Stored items
lemma AE_hI_cong:
  assumes u: "u \<in> borel_measurable \<mu>" and v: "v \<in> borel_measurable \<mu>" and eq: "AE x in \<mu>. u x = v x"
  shows "AE x in \<mu>. hI n I m u x = hI n I m v x"
  using AE_resample[OF eq]
proof (rule AE_mp, intro AE_I2 impI)
  fix x assume x: "x \<in> space \<mu>" and eq_x: "AE y in resample x. u (glue n I x y) = v (glue n I x y)"
  interpret pair_sigma_finite "resample x" "resample x"
    using prob_space_resample[OF x] by (simp add: pair_sigma_finite_def prob_space_imp_sigma_finite)
  note [measurable] = measurable_oscillation_integrand[OF u x] measurable_oscillation_integrand[OF v x]
  have "AE w in resample x \<Otimes>\<^sub>M resample x.
      ereal \<bar>u (glue n I x (fst w)) - u (glue n I x (snd w))\<bar> = ereal \<bar>v (glue n I x (fst w)) - v (glue n I x (snd w))\<bar>"
  proof (rule AE_pair_measure)
    show "AE y in resample x. AE z in resample x.
        ereal \<bar>u (glue n I x (fst (y, z))) - u (glue n I x (snd (y, z)))\<bar> =
        ereal \<bar>v (glue n I x (fst (y, z))) - v (glue n I x (snd (y, z)))\<bar>"
      using eq_x
    proof eventually_elim
      case (elim y)
      show ?case using eq_x by eventually_elim (simp add: elim)
    qed
  qed measurable
  then have "oscillation u x = oscillation v x"
    unfolding oscillation_def by (rule esssup_AE_cong[rotated 2]) measurable
  then show "hI n I m u x = hI n I m v x" unfolding hI_eq_oscillation by simp
qed

end

section \<open>Gradients over a family of blocks\<close>

locale resampling_family = prob_space \<mu> for \<mu> :: "(nat \<Rightarrow> 'a) measure" +
  fixes X :: "nat \<Rightarrow> 'a topology" and n :: nat and \<I> :: "nat set set"
    and m :: "nat set \<Rightarrow> (nat \<Rightarrow> 'a) \<Rightarrow> (nat \<Rightarrow> 'a) measure"
  assumes sets_eq: "sets \<mu> = sets (prodM X {1..n})"
    and blocks_subset: "\<I> \<subseteq> Pow {1..n}"
    and is_disintegration: "\<forall>I\<in>\<I>. is_disintegration X n \<mu> I (m I)"
begin

lemma disintegration: "I \<in> \<I> \<Longrightarrow> disintegration \<mu> X n I (m I)"
  using prob_space_axioms sets_eq blocks_subset is_disintegration
  unfolding disintegration_def disintegration_axioms_def by auto

lemma finite_blocks: "finite \<I>"
  using blocks_subset by (rule finite_subset) simp

lemma grad_norm_sq: "(grad_norm n \<I> m u x)\<^sup>2 = (\<Sum>I\<in>\<I>. (partialI n I (m I) u x)\<^sup>2)"
  unfolding grad_norm_def by (simp add: sum_nonneg)

lemma grad_norm_nonneg: "0 \<le> grad_norm n \<I> m u x"
  unfolding grad_norm_def by (simp add: sum_nonneg)

lemma h_norm_nonneg: "0 \<le> h_norm n \<I> m u x"
  unfolding h_norm_def by (simp add: sum_nonneg)

lemma grad_norm_measurable:
  assumes "u \<in> borel_measurable \<mu>"
  shows "grad_norm n \<I> m u \<in> borel_measurable \<mu>"
proof -
  have [measurable]: "I \<in> \<I> \<Longrightarrow> partialI n I (m I) u \<in> borel_measurable \<mu>" for I
    using disintegration.partialI_measurable[OF disintegration assms] .
  show ?thesis unfolding grad_norm_def[abs_def] by measurable
qed

lemma h_norm_measurable:
  assumes "u \<in> borel_measurable \<mu>"
  shows "h_norm n \<I> m u \<in> borel_measurable \<mu>"
proof -
  have [measurable]: "I \<in> \<I> \<Longrightarrow> hI n I (m I) u \<in> borel_measurable \<mu>" for I
    using disintegration.hI_measurable[OF disintegration assms] .
  show ?thesis unfolding h_norm_def[abs_def] by measurable
qed

context
  fixes u :: "(nat \<Rightarrow> 'a) \<Rightarrow> real" and B :: real
  assumes u: "u \<in> borel_measurable \<mu>" and bound: "\<And>x. \<bar>u x\<bar> \<le> B"
begin

lemma grad_norm_le: "x \<in> space \<mu> \<Longrightarrow> grad_norm n \<I> m u x \<le> sqrt (card \<I> * (2 * B\<^sup>2))"
  using disintegration.partialI_sq_le[OF disintegration u bound]
  unfolding grad_norm_def by (auto intro!: real_sqrt_le_mono sum_bounded_above)

lemma h_norm_le:
  assumes x: "x \<in> space \<mu>"
  shows "h_norm n \<I> m u x \<le> sqrt (card \<I> * (2 * B)\<^sup>2)"
proof -
  have "(hI n I (m I) u x)\<^sup>2 \<le> (2 * B)\<^sup>2" if "I \<in> \<I>" for I
    using disintegration.abs_hI_le[OF disintegration[OF that] u bound x]
    by (metis abs_ge_zero power2_abs power_mono)
  then show ?thesis
    unfolding h_norm_def by (auto intro!: real_sqrt_le_mono sum_bounded_above)
qed

lemma integrable_grad_norm_powr: "0 \<le> p \<Longrightarrow> integrable \<mu> (\<lambda>x. \<bar>grad_norm n \<I> m u x\<bar> powr p)"
  using grad_norm_measurable[OF u] grad_norm_le grad_norm_nonneg
  by (intro integrable_bounded[where B="sqrt (card \<I> * (2 * B\<^sup>2)) powr p"]) (auto intro!: powr_mono2)

lemma integrable_h_norm_powr: "0 \<le> p \<Longrightarrow> integrable \<mu> (\<lambda>x. \<bar>h_norm n \<I> m u x\<bar> powr p)"
  using h_norm_measurable[OF u] h_norm_le h_norm_nonneg
  by (intro integrable_bounded[where B="sqrt (card \<I> * (2 * B)\<^sup>2) powr p"]) (auto intro!: powr_mono2)

lemma grad_norm_le_h_norm: "AE x in \<mu>. grad_norm n \<I> m u x \<le> h_norm n \<I> m u x"
proof -
  have "AE x in \<mu>. \<forall>I\<in>\<I>. partialI n I (m I) u x \<le> hI n I (m I) u x"
    using disintegration.partialI_le_hI[OF disintegration u bound] by (rule AE_finite_allI[OF finite_blocks])
  then show ?thesis
    unfolding grad_norm_def h_norm_def
    by (elim eventually_mono) (auto intro!: sum_mono power_mono disintegration.partialI_nonneg[OF disintegration])
qed

lemma Lp_norm_grad_norm_le_h_norm:
  assumes "0 < p"
  shows "Lp_norm \<mu> p (grad_norm n \<I> m u) \<le> Lp_norm \<mu> p (h_norm n \<I> m u)"
proof (rule Lp_norm_mono_AE)
  show "AE x in \<mu>. \<bar>grad_norm n \<I> m u x\<bar> \<le> \<bar>h_norm n \<I> m u x\<bar>"
    using grad_norm_le_h_norm by (rule eventually_mono) (simp add: grad_norm_nonneg h_norm_nonneg)
qed (use assms integrable_grad_norm_powr integrable_h_norm_powr in auto)

lemma integral_grad_norm_abs_powr_half_le:
  assumes q: "2 \<le> q"
  shows "(\<integral>x. (grad_norm n \<I> m (\<lambda>x. \<bar>u x\<bar> powr (q/2)) x)\<^sup>2 \<partial>\<mu>)
      \<le> q\<^sup>2 / 2 * (\<integral>x. \<bar>u x\<bar> powr (q - 2) * (grad_norm n \<I> m u x)\<^sup>2 \<partial>\<mu>)"
proof -
  note [measurable] = u
  have w: "(\<lambda>x. \<bar>u x\<bar> powr (q/2)) \<in> borel_measurable \<mu>" "\<And>x. \<bar>\<bar>u x\<bar> powr (q/2)\<bar> \<le> B powr (q/2)"
    using bound q by (auto intro!: powr_mono2)
  have weight_le: "\<bar>u x\<bar> powr (q - 2) \<le> B powr (q - 2)" for x
    using bound q by (auto intro!: powr_mono2)
  have "integrable \<mu> (\<lambda>x. (partialI n I (m I) (\<lambda>x. \<bar>u x\<bar> powr (q/2)) x)\<^sup>2)" if "I \<in> \<I>" for I
    using disintegration.partialI_measurable[OF disintegration[OF that] w(1)]
      disintegration.partialI_sq_le[OF disintegration[OF that] w]
    by (intro integrable_bounded[where B="2 * (B powr (q/2))\<^sup>2"]) auto
  moreover have "integrable \<mu> (\<lambda>x. \<bar>u x\<bar> powr (q - 2) * (partialI n I (m I) u x)\<^sup>2)" if "I \<in> \<I>" for I
    using disintegration.partialI_measurable[OF disintegration[OF that] u]
      disintegration.partialI_sq_le[OF disintegration[OF that] u bound] weight_le
    by (intro integrable_bounded[where B="B powr (q - 2) * (2 * B\<^sup>2)"]) (auto simp: abs_mult intro!: mult_mono)
  ultimately show ?thesis
    unfolding grad_norm_sq
    using disintegration.integral_partialI_abs_powr_half_le[OF disintegration u bound q]
    by (simp add: sum_distrib_left Bochner_Integration.integral_sum sum_mono)
qed

end

lemma AE_grad_norm_cong:
  assumes "u \<in> borel_measurable \<mu>" "v \<in> borel_measurable \<mu>" "AE x in \<mu>. u x = v x"
  shows "AE x in \<mu>. grad_norm n \<I> m u x = grad_norm n \<I> m v x"
proof -
  have "AE x in \<mu>. \<forall>I\<in>\<I>. partialI n I (m I) u x = partialI n I (m I) v x"
    using disintegration.AE_partialI_cong[OF disintegration assms] by (rule AE_finite_allI[OF finite_blocks])
  then show ?thesis unfolding grad_norm_def by (elim eventually_mono) simp
qed

lemma AE_h_norm_cong:
  assumes "u \<in> borel_measurable \<mu>" "v \<in> borel_measurable \<mu>" "AE x in \<mu>. u x = v x"
  shows "AE x in \<mu>. h_norm n \<I> m u x = h_norm n \<I> m v x"
proof -
  have "AE x in \<mu>. \<forall>I\<in>\<I>. hI n I (m I) u x = hI n I (m I) v x"
    using disintegration.AE_hI_cong[OF disintegration assms] by (rule AE_finite_allI[OF finite_blocks])
  then show ?thesis unfolding h_norm_def by (elim eventually_mono) simp
qed

lemma Linfty_bounded_representative:
  assumes "Linfty \<mu> f"
  obtains g C where "g \<in> borel_measurable \<mu>" "\<And>x. \<bar>g x\<bar> \<le> C"
    "\<And>q. Lp_norm \<mu> q f = Lp_norm \<mu> q g"
    "\<And>q. Lp_norm \<mu> q (grad_norm n \<I> m f) = Lp_norm \<mu> q (grad_norm n \<I> m g)"
    "\<And>q. Lp_norm \<mu> q (h_norm n \<I> m f) = Lp_norm \<mu> q (h_norm n \<I> m g)"
proof -
  obtain C where f[measurable]: "f \<in> borel_measurable \<mu>" and f_bound: "AE x in \<mu>. \<bar>f x\<bar> \<le> C"
    using assms unfolding Linfty_def by blast
  define g where "g x = (if \<bar>f x\<bar> \<le> C then f x else 0)" for x
  have g[measurable]: "g \<in> borel_measurable \<mu>" unfolding g_def by measurable
  have f_eq_g: "AE x in \<mu>. f x = g x"
    using f_bound by (rule eventually_mono) (simp add: g_def)
  show ?thesis
  proof (rule that[OF g, of "\<bar>C\<bar>"])
    show "\<bar>g x\<bar> \<le> \<bar>C\<bar>" for x unfolding g_def by auto
  qed (intro Lp_norm_cong_AE f g f_eq_g grad_norm_measurable h_norm_measurable
         AE_grad_norm_cong AE_h_norm_cong)+
qed

end

section \<open>Growth of \<open>L\<^sup>p\<close> norms under a log-Sobolev inequality\<close>

locale log_sobolev = resampling_family +
  fixes \<sigma>2 :: real
  assumes LSI: "LSI n \<mu> \<I> m \<sigma>2" and \<sigma>2_pos: "0 < \<sigma>2"
begin

context
  fixes g :: "(nat \<Rightarrow> 'a) \<Rightarrow> real" and C :: real
  assumes g[measurable]: "g \<in> borel_measurable \<mu>" and bound: "\<And>x. \<bar>g x\<bar> \<le> C"
begin

lemma Ent_abs_powr_le:
  assumes q: "2 < q"
  shows "Ent \<mu> (\<lambda>x. \<bar>g x\<bar> powr q)
    \<le> \<sigma>2 * q\<^sup>2 * Lp_norm \<mu> q g powr (q - 2) * (Lp_norm \<mu> q (grad_norm n \<I> m g))\<^sup>2"
proof -
  define w where "w x = \<bar>g x\<bar> powr (q/2)" for x
  have w_sq: "(w x)\<^sup>2 = \<bar>g x\<bar> powr q" for x
    unfolding w_def by (simp add: powr_sq_eq)
  have "Linfty \<mu> w"
    unfolding Linfty_def w_def using bound q by (auto intro!: powr_mono2 exI[of _ "C powr (q/2)"])
  then have "Ent \<mu> (\<lambda>x. \<bar>g x\<bar> powr q) \<le> 2 * \<sigma>2 * (\<integral>x. (grad_norm n \<I> m w x)\<^sup>2 \<partial>\<mu>)"
    using LSI unfolding LSI_def w_sq[symmetric] by blast
  also have "\<dots> \<le> 2 * \<sigma>2 * (q\<^sup>2 / 2 * (\<integral>x. \<bar>g x\<bar> powr (q - 2) * (grad_norm n \<I> m g x)\<^sup>2 \<partial>\<mu>))"
    using integral_grad_norm_abs_powr_half_le[OF g bound, of q] q \<sigma>2_pos
    unfolding w_def by (intro mult_left_mono) auto
  also have "\<dots> \<le> 2 * \<sigma>2 * (q\<^sup>2 / 2 * (Lp_norm \<mu> q g powr (q - 2) * (Lp_norm \<mu> q (grad_norm n \<I> m g))\<^sup>2))"
    using integral_abs_powr_mult_sq_le[OF g _ grad_norm_measurable[OF g] grad_norm_nonneg grad_norm_le[OF g bound] q]
      bound \<sigma>2_pos
    by (intro mult_left_mono) auto
  finally show ?thesis by (simp add: mult_ac)
qed

lemma Lp_norm_sq_derivative_le:
  assumes q: "2 < q"
  shows "2 / q\<^sup>2 * Lp_norm \<mu> q g powr (2 - q) * Ent \<mu> (\<lambda>x. \<bar>g x\<bar> powr q)
    \<le> 2 * \<sigma>2 * (Lp_norm \<mu> q (grad_norm n \<I> m g))\<^sup>2"
proof (cases "Lp_norm \<mu> q g = 0")
  case False
  then have pos: "0 < Lp_norm \<mu> q g" by (simp add: Lp_norm_def less_le)
  have "2 / q\<^sup>2 * Lp_norm \<mu> q g powr (2 - q) * Ent \<mu> (\<lambda>x. \<bar>g x\<bar> powr q)
      \<le> 2 / q\<^sup>2 * Lp_norm \<mu> q g powr (2 - q) *
        (\<sigma>2 * q\<^sup>2 * Lp_norm \<mu> q g powr (q - 2) * (Lp_norm \<mu> q (grad_norm n \<I> m g))\<^sup>2)"
    using Ent_abs_powr_le[OF q] by (intro mult_left_mono) auto
  also have "\<dots> = 2 * \<sigma>2 * (Lp_norm \<mu> q (grad_norm n \<I> m g))\<^sup>2"
    using pos q by (simp add: powr_add[symmetric] field_simps)
  finally show ?thesis .
qed (use \<sigma>2_pos in simp) \<comment> \<open>a vanishing norm kills the left-hand side, as \<open>0 powr s = 0\<close>\<close>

◆ TASK
Among the lines above, find the ones containing "assms" and copy them.

◆ EXERCISE RESULT
    using disintegration.partialI_measurable[OF disintegration assms] .
    using disintegration.hI_measurable[OF disintegration assms] .
qed (use assms integrable_grad_norm_powr integrable_h_norm_powr in auto)
    using disintegration.AE_partialI_cong[OF disintegration assms] by (rule AE_finite_allI[OF finite_blocks])
    using disintegration.AE_hI_cong[OF disintegration assms] by (rule AE_finite_allI[OF finite_blocks])
    using assms unfolding Linfty_def by blast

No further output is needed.